(WHAT TO WORK ON) Total the lines of the entries below that hold the string "latpts", then write only that total.

Segment Start: ENTRIES SUPPLIED

(* Under the setup below, assume that $P$ is a simplex with vertices $v_0,\dots,v_d$, and let $$\mathrm{BOX}(P)=\Big\{v\in M': v=\sum_{i=0}^d a_iv_i \text{ for some } 0\le a_i<1\Big\}.$$ Let $u:M'\to\mathbb{Z}$ be the projection to the second factor. Then for each $i$, $\phi_i$ is the permutation character of $G$ acting on $\{v\in\mathrm{BOX}(P): u(v)=i\}$. In particular, for each $g\in G$, $$\sum_{m\ge0}\#(mP_g\cap M')\,t^m=\frac{\sum_{v\in\mathrm{BOX}(P)^g}t^{u(v)}}{(1-t)\det(I-\rho(g)t)},$$ where $\mathrm{BOX}(P)^g$ is the set of elements of $\mathrm{BOX}(P)$ fixed by $g$. Moreover, the multiplicity of the trivial character in $\phi_i$ equals the number of $G$-orbits on $\{v\in\mathrm{BOX}(P):u(v)=i\}$. The multiplicity of $\det(\rho)$ in $\phi_i$ equals the number of such orbits whose isotropy subgroup is contained in $\{g:\det\rho(g)=1\}$.
   Context: Setup. Let $G$ be a finite group acting linearly on a lattice $M'=M\oplus\mathbb{Z}$ of rank $d+1$, such that the projection $M'\to\mathbb{Z}$ onto the second factor is $G$-invariant. Let $P\subseteq M_\mathbb{R}\times\{1\}$ be a $d$-dimensional $G$-invariant lattice polytope (vertices in $M'$). Let $\rho:G\to GL(M)$ be the induced action on $M=M\times\{0\}$, with complexification $M_\mathbb{C}$. For $m\ge1$, $\chi_{mP}$ is the permutation character of $G$ on $mP\cap M'$, and $\chi_{0P}=1$ is the trivial character. $R(G)$ is the ring of virtual characters. Set $\det(I-\rho t)=\sum_{i=0}^d(-1)^i\wedge^iM_\mathbb{C}\,t^i\in R(G)[t]$; its value at $g$ is $\det(I-\rho(g)t)$. Define $\phi[t]=\sum_{i\ge0}\phi_it^i\in R(G)[[t]]$ by $$\sum_{m\ge0}\chi_{mP}t^m=\frac{\phi[t]}{(1-t)\det(I-\rho t)}.$$ For $g\in G$, $P_g=\{x\in P: gx=x\}$. *)

theory Defs
  imports "HOL-Analysis.Analysis" "HOL-Computational_Algebra.Formal_Power_Series"
    "HOL-Algebra.Group"
begin

text \<open>The lattice M' = M \<oplus> Z is modelled as (int^'d) \<times> int, with M = int^'d and d = CARD('d).
  A linear action of g on M' preserving the projection u = snd has the form
  (x,h) \<mapsto> (A g x + h b g, h); A g is the matrix of rho(g) on M = M \<times> {0}.\<close>

definition latact :: "('g \<Rightarrow> int^'d^'d) \<Rightarrow> ('g \<Rightarrow> int^'d) \<Rightarrow> 'g \<Rightarrow> (int^'d) \<times> int \<Rightarrow> (int^'d) \<times> int" where
  "latact A b g v = (A g *v fst v + snd v *s b g, snd v)"

definition realact :: "('g \<Rightarrow> int^'d^'d) \<Rightarrow> ('g \<Rightarrow> int^'d) \<Rightarrow> 'g \<Rightarrow> (real^'d) \<times> real \<Rightarrow> (real^'d) \<times> real" where
  "realact A b g y = ((\<chi> i j. real_of_int (A g $ i $ j)) *v fst y
                      + snd y *\<^sub>R (\<chi> i. real_of_int (b g $ i)), snd y)"

definition emb :: "(int^'d) \<times> int \<Rightarrow> (real^'d) \<times> real" where
  "emb v = ((\<chi> i. real_of_int (fst v $ i)), real_of_int (snd v))"

definition latpts :: "nat \<Rightarrow> ((real^'d) \<times> real) set \<Rightarrow> ((int^'d) \<times> int) set" where
  "latpts m S = {v. emb v \<in> (\<lambda>y. real m *\<^sub>R y) ` S}"

definition fixpart :: "('g \<Rightarrow> int^'d^'d) \<Rightarrow> ('g \<Rightarrow> int^'d) \<Rightarrow> 'g \<Rightarrow> ((real^'d) \<times> real) set \<Rightarrow> ((real^'d) \<times> real) set" where
  "fixpart A b g S = {x \<in> S. realact A b g x = x}"

definition permchar :: "('g \<Rightarrow> int^'d^'d) \<Rightarrow> ('g \<Rightarrow> int^'d) \<Rightarrow> ((real^'d) \<times> real) set \<Rightarrow> nat \<Rightarrow> 'g \<Rightarrow> complex" where
  "permchar A b P m g = of_nat (card {v \<in> latpts m P. latact A b g v = v})"

definition detIrho :: "('g \<Rightarrow> int^'d^'d) \<Rightarrow> 'g \<Rightarrow> complex fps" where
  "detIrho A g = det (\<chi> i j. (if i = j then 1 else 0) - fps_const (of_int (A g $ i $ j)) * fps_X)"

text \<open>phi[t] evaluated at g: the unique power series with
  sum_m chi_{mP}(g) t^m = phi[t](g) / ((1-t) det(I - rho(g) t)).\<close>
definition phi :: "('g \<Rightarrow> int^'d^'d) \<Rightarrow> ('g \<Rightarrow> int^'d) \<Rightarrow> ((real^'d) \<times> real) set \<Rightarrow> 'g \<Rightarrow> complex fps" where
  "phi A b P g = Abs_fps (\<lambda>m. permchar A b P m g) * (1 - fps_X) * detIrho A g"

definition BOX :: "nat \<Rightarrow> (nat \<Rightarrow> (int^'d) \<times> int) \<Rightarrow> ((int^'d) \<times> int) set" where
  "BOX d vs = {v. \<exists>a::nat \<Rightarrow> real. (\<forall>i\<le>d. 0 \<le> a i \<and> a i < 1)
                   \<and> emb v = (\<Sum>i\<le>d. a i *\<^sub>R emb (vs i))}"

text \<open>Inner product of class functions on a finite group; the multiplicity of an
  irreducible character psi in a virtual character chi is char_inner G chi psi.\<close>
definition char_inner :: "('g, 'c) monoid_scheme \<Rightarrow> ('g \<Rightarrow> complex) \<Rightarrow> ('g \<Rightarrow> complex) \<Rightarrow> complex" where
  "char_inner G f h = (\<Sum>g\<in>carrier G. f g * cnj (h g)) / of_nat (card (carrier G))"

definition act_orbit :: "('g, 'c) monoid_scheme \<Rightarrow> ('g \<Rightarrow> 'x \<Rightarrow> 'x) \<Rightarrow> 'x \<Rightarrow> 'x set" where
  "act_orbit G f x = (\<lambda>g. f g x) ` carrier G"

definition act_stabilizer :: "('g, 'c) monoid_scheme \<Rightarrow> ('g \<Rightarrow> 'x \<Rightarrow> 'x) \<Rightarrow> 'x \<Rightarrow> 'g set" where
  "act_stabilizer G f x = {g \<in> carrier G. f g x = x}"

definition act_orbits :: "('g, 'c) monoid_scheme \<Rightarrow> ('g \<Rightarrow> 'x \<Rightarrow> 'x) \<Rightarrow> 'x set \<Rightarrow> 'x set set" where
  "act_orbits G f S = act_orbit G f ` S"

end

theory Submission
  imports Defs "HOL-Combinatorics.Cycles" "HOL-Algebra.Group_Action"
begin

text \<open>
  The vertices \<open>v\<^sub>0, \<dots>, v\<^sub>d\<close> of the simplex form a basis of \<open>M'\<^sub>\<real>\<close>.  Splitting
  barycentric coordinates into fractional and integral parts writes every lattice point of \<open>mP\<close>
  uniquely as \<open>w + \<Sum> n\<^sub>i v\<^sub>i\<close> with \<open>w \<in> BOX(P)\<close>, \<open>n\<^sub>i \<in> \<nat>\<close> and \<open>u(w) + \<Sum> n\<^sub>i = m\<close>.
  An element \<open>g\<close> permutes the vertices by some \<open>\<sigma>\<close>, and fixes such a point iff it fixes \<open>w\<close>
  and \<open>n\<close> is constant on the cycles of \<open>\<sigma>\<close>.  Hence \<open>\<Sum>\<^sub>m \<chi>\<^sub>m\<^sub>P(g) t\<^sup>m\<close> is the box polynomial of
  \<open>BOX(P)\<^sup>g\<close> divided by \<open>\<Prod> (1 - t\<^sup>\<ell>)\<close>, the product over the cycles of \<open>\<sigma>\<close> with lengths \<open>\<ell>\<close>.
  That product is \<open>det(I - P\<^sub>\<sigma> t)\<close>, and it equals \<open>(1 - t) det(I - \<rho>(g) t)\<close> because in the vertex
  basis \<open>g\<close> acts on \<open>M'\<^sub>\<real>\<close> by the permutation matrix \<open>P\<^sub>\<sigma>\<close>.  The multiplicity statements are
  Burnside-type counts for the permutation action of \<open>G\<close> on the levels of \<open>BOX(P)\<close>: a linear
  character summed over a stabilizer gives its order or zero.
\<close>

section \<open>Counting series\<close>

definition count_fps :: "'x set \<Rightarrow> ('x \<Rightarrow> nat) \<Rightarrow> complex fps" where
  "count_fps W wt = Abs_fps (\<lambda>k. of_nat (card {x\<in>W. wt x = k}))"

lemma count_fps_nth: "fps_nth (count_fps W wt) k = of_nat (card {x\<in>W. wt x = k})"
  by (simp add: count_fps_def)

lemma count_fps_eq_sum:
  assumes "finite W" shows "count_fps W wt = (\<Sum>x\<in>W. fps_X ^ wt x)"
proof (rule fps_ext)
  fix k
  have "fps_nth (\<Sum>x\<in>W. fps_X ^ wt x) k = (\<Sum>x\<in>W. if wt x = k then 1 else (0::complex))"
    by (simp add: fps_sum_nth) (metis)
  also have "\<dots> = of_nat (card {x\<in>W. wt x = k})"
    using assms by (simp add: sum.If_cases Int_def)
  finally show "fps_nth (count_fps W wt) k = fps_nth (\<Sum>x\<in>W. fps_X ^ wt x) k"
    by (simp add: count_fps_nth)
qed

lemma count_fps_Times:
  assumes fa: "\<And>k. finite {a\<in>A. wa a = k}" and fb: "\<And>k. finite {b\<in>B. wb b = k}"
  shows "count_fps (A \<times> B) (\<lambda>(a,b). wa a + wb b) = count_fps A wa * count_fps B wb"
proof (rule fps_ext)
  fix n
  have eq: "{x\<in>A \<times> B. (\<lambda>(a,b). wa a + wb b) x = n}
      = (\<Union>i\<in>{0..n}. {a\<in>A. wa a = i} \<times> {b\<in>B. wb b = n - i})"
    by auto
  have "card {x\<in>A \<times> B. (\<lambda>(a,b). wa a + wb b) x = n}
     = (\<Sum>i\<in>{0..n}. card ({a\<in>A. wa a = i} \<times> {b\<in>B. wb b = n - i}))"
    unfolding eq by (rule card_UN_disjoint) (auto simp: fa fb)
  then show "fps_nth (count_fps (A \<times> B) (\<lambda>(a,b). wa a + wb b)) n
      = fps_nth (count_fps A wa * count_fps B wb) n"
    by (simp add: count_fps_nth fps_mult_nth card_cartesian_product)
qed

lemma count_fps_bij_betw:
  assumes f: "bij_betw f W W'" and wt: "\<And>x. x \<in> W \<Longrightarrow> wt' (f x) = wt x"
  shows "count_fps W' wt' = count_fps W wt"
proof (rule fps_ext)
  fix k
  have "bij_betw f {x\<in>W. wt x = k} (f ` {x\<in>W. wt x = k})"
    by (rule bij_betw_subset [OF f]) auto
  moreover have "f ` {x\<in>W. wt x = k} = {y\<in>W'. wt' y = k}"
  proof
    show "f ` {x\<in>W. wt x = k} \<subseteq> {y\<in>W'. wt' y = k}"
      using f wt by (auto simp: bij_betw_def)
    show "{y\<in>W'. wt' y = k} \<subseteq> f ` {x\<in>W. wt x = k}"
    proof
      fix y assume y: "y \<in> {y\<in>W'. wt' y = k}"
      then obtain x where "x \<in> W" "y = f x" using f by (auto simp: bij_betw_def)
      then show "y \<in> f ` {x\<in>W. wt x = k}" using y wt by auto
    qed
  qed
  ultimately show "fps_nth (count_fps W' wt') k = fps_nth (count_fps W wt) k"
    by (simp add: count_fps_nth bij_betw_same_card)
qed

section \<open>Determinants of matrices indexed by a finite set\<close>

definition det_on :: "'i set \<Rightarrow> ('i \<Rightarrow> 'i \<Rightarrow> 'a::comm_ring_1) \<Rightarrow> 'a" where
  "det_on S N = (\<Sum>p\<in>{p. p permutes S}. of_int (sign p) * (\<Prod>i\<in>S. N i (p i)))"

lemma det_eq_det_on: "det (M::'a::comm_ring_1^'n^'n) = det_on UNIV (\<lambda>i j. M$i$j)"
  by (simp add: det_def det_on_def)

lemma det_on_cong:
  assumes "\<And>i j. i\<in>S \<Longrightarrow> j\<in>S \<Longrightarrow> N i j = N' i j"
  shows "det_on S N = det_on S N'"
  unfolding det_on_def
proof (rule sum.cong[OF refl])
  fix p assume "p \<in> {p. p permutes S}"
  then have "\<And>i. i \<in> S \<Longrightarrow> p i \<in> S" by (simp add: permutes_in_image)
  then show "of_int (sign p) * (\<Prod>i\<in>S. N i (p i)) = of_int (sign p) * (\<Prod>i\<in>S. N' i (p i))"
    using assms by (metis (no_types, lifting) prod.cong)
qed

lemma det_on_empty: "det_on {} N = 1"
  by (simp add: det_on_def)

lemma det_on_singleton: "det_on {a} N = N a a"
  by (simp add: det_on_def)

Segment End: ENTRIES SUPPLIED

(WRITTEN SOLUTION) 3